Черемной взглянул по-собачьи:
— Говорить страшно, ваша светлость.
— Ну-ну, ты не из робких, — качнул головой Меншиков, — говори без утайки.
Фёдор прочихался в кулак и, отвернув срамной, отёчный лик, чтобы не дышать густо на князя, зашептал:
— Интересовался Авраамка царевичем. Говорил, что друзей у наследника и в Москве, и в Питербурхе, и в других городах премного и они судьбой его озадачены.
— Так-так, — подбодрил князь, — далее что говорено было?
— Боюсь и сказывать.
— Ну, что тянешь?
— Сказывал Лопухин, что силы вокруг Москвы собираются, чтобы вспомочь наследнику.

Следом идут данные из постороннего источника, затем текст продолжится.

lemma hd_in_partial_sums: "a \<in> partial_sums (a # \<beta>)"
  using zero_in_partial_sums[of \<beta>] by (simp add: rev_image_eqI[of 0])

lemma partial_sums_eq_Iset:
  "partial_sums \<beta> = insert 0 (insert (sum_list \<beta>) (Iset \<beta>))"
proof -
  have "{..length \<beta>} = insert 0 (insert (length \<beta>) {1..<length \<beta>})"
    by auto
  then show ?thesis
    by (simp add: partial_sums_def Iset_eq_image)
qed

lemma Iset_snoc: "xs \<noteq> [] \<Longrightarrow> Iset (xs @ [c]) = insert (sum_list xs) (Iset xs)"
proof -
  assume "xs \<noteq> []"
  then have "{1..<length (xs @ [c])} = insert (length xs) {1..<length xs}"
    by (auto simp: Suc_le_eq)
  then show ?thesis
    by (simp add: Iset_eq_image)
qed

lemma exists_comp_with_Iset: "S \<subseteq> {1..<m} \<Longrightarrow> \<exists>\<beta>. is_comp m \<beta> \<and> Iset \<beta> = S"
proof (induction m arbitrary: S rule: less_induct)
  case (less m)
  show ?case
  proof (cases "S = {}")
    case True
    then show ?thesis
      by (intro exI[of _ "if m = 0 then [] else [m]"]) (auto simp: is_comp_def Iset_def)
  next
    case False
    define s where "s = Max S"
    have "finite S"
      using less.prems finite_subset by blast
    then have s: "s \<in> S" "\<forall>x\<in>S. x \<le> s"
      using False by (auto simp: s_def)
    then have "1 \<le> s" "s < m" "S - {s} \<subseteq> {1..<s}"
      using less.prems by fastforce+
    with less.IH obtain \<beta> where \<beta>: "is_comp s \<beta>" "Iset \<beta> = S - {s}"
      by blast
    have "\<beta> \<noteq> []"
      using \<beta>(1) \<open>1 \<le> s\<close> by (auto simp: is_comp_def)
    then have "Iset (\<beta> @ [m - s]) = S"
      using \<beta> s(1) by (auto simp: Iset_snoc is_comp_def)
    moreover have "is_comp m (\<beta> @ [m - s])"
      using \<beta>(1) \<open>s < m\<close> by (auto simp: is_comp_def)
    ultimately show ?thesis
      by auto
  qed
qed

lemma partial_sums_inj:
  assumes "\<forall>a\<in>set \<beta>. 0 < a" and "\<forall>c\<in>set \<gamma>. 0 < c"
    and "partial_sums \<beta> = partial_sums \<gamma>"
  shows "\<beta> = \<gamma>"
  using assms
proof (induction \<beta> arbitrary: \<gamma>)
  case Nil
  show ?case
  proof (cases \<gamma>)
    case (Cons c \<gamma>')
    then have "c = 0"
      using Nil.prems(3) hd_in_partial_sums[of c \<gamma>'] by (metis partial_sums_Nil singletonD)
    then show ?thesis
      using Nil.prems(2) Cons by simp
  qed simp
next
  case (Cons a \<beta>)
  obtain c \<gamma>' where \<gamma>: "\<gamma> = c # \<gamma>'"
  proof (cases \<gamma>)
    case Nil
    then have "a = 0"
      using Cons.prems(3) hd_in_partial_sums[of a \<beta>] by (metis partial_sums_Nil singletonD)
    then show ?thesis
      using Cons.prems(1) by simp
  qed
  have "a \<in> partial_sums (c # \<gamma>')"
    using Cons.prems(3) \<gamma> hd_in_partial_sums by metis
  moreover have "c \<in> partial_sums (a # \<beta>)"
    using Cons.prems(3) \<gamma> hd_in_partial_sums by metis
  moreover have "0 < a" "0 < c"
    using Cons.prems(1,2) \<gamma> by auto
  ultimately have "a = c"
    by auto
  have "0 \<notin> (+) a ` partial_sums \<beta>" "0 \<notin> (+) a ` partial_sums \<gamma>'"
    using \<open>0 < a\<close> by auto
  moreover have "insert 0 ((+) a ` partial_sums \<beta>) = insert 0 ((+) a ` partial_sums \<gamma>')"
    using Cons.prems(3) \<gamma> \<open>a = c\<close> by simp
  ultimately have "(+) a ` partial_sums \<beta> = (+) a ` partial_sums \<gamma>'"
    by (simp add: insert_ident)
  then have "partial_sums \<beta> = partial_sums \<gamma>'"
    by (simp add: inj_image_eq_iff)
  then have "\<beta> = \<gamma>'"
    using Cons.prems(1,2) \<gamma> by (intro Cons.IH) auto
  then show ?case
    using \<gamma> \<open>a = c\<close> by simp
qed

Сигнала, мол, ждут.
Меншиков кулаком по столу ахнул.
— Врёшь, чёртова чернильница!
Фёдор Черемной отскочил. Встал на колени. Слёзы выдавил. Закрестился:
— Ей-ей, правда. Верный человек разговор слышал. И ещё намекнул Авраамка, чтобы речи его царевичу через Плейера того известны стали.
И опять забожился, что всё то истинно. Князь задумался.
Черемной бормотал, крестился, кланялся. Меншиков не слышал его. В мыслях было одно: «Эко замахнулись Лопухины! Широко. Пуп бы не треснул». Толкнул ногой Черемного:
— Хватит гнусить. Смотри, если соврал, головой ответишь.
Помолчав малость, сказал:
— С Лопухиных глаз не спускай. Каждый их шаг должен быть тебе известен. Смотри!
Погрозил пальцем.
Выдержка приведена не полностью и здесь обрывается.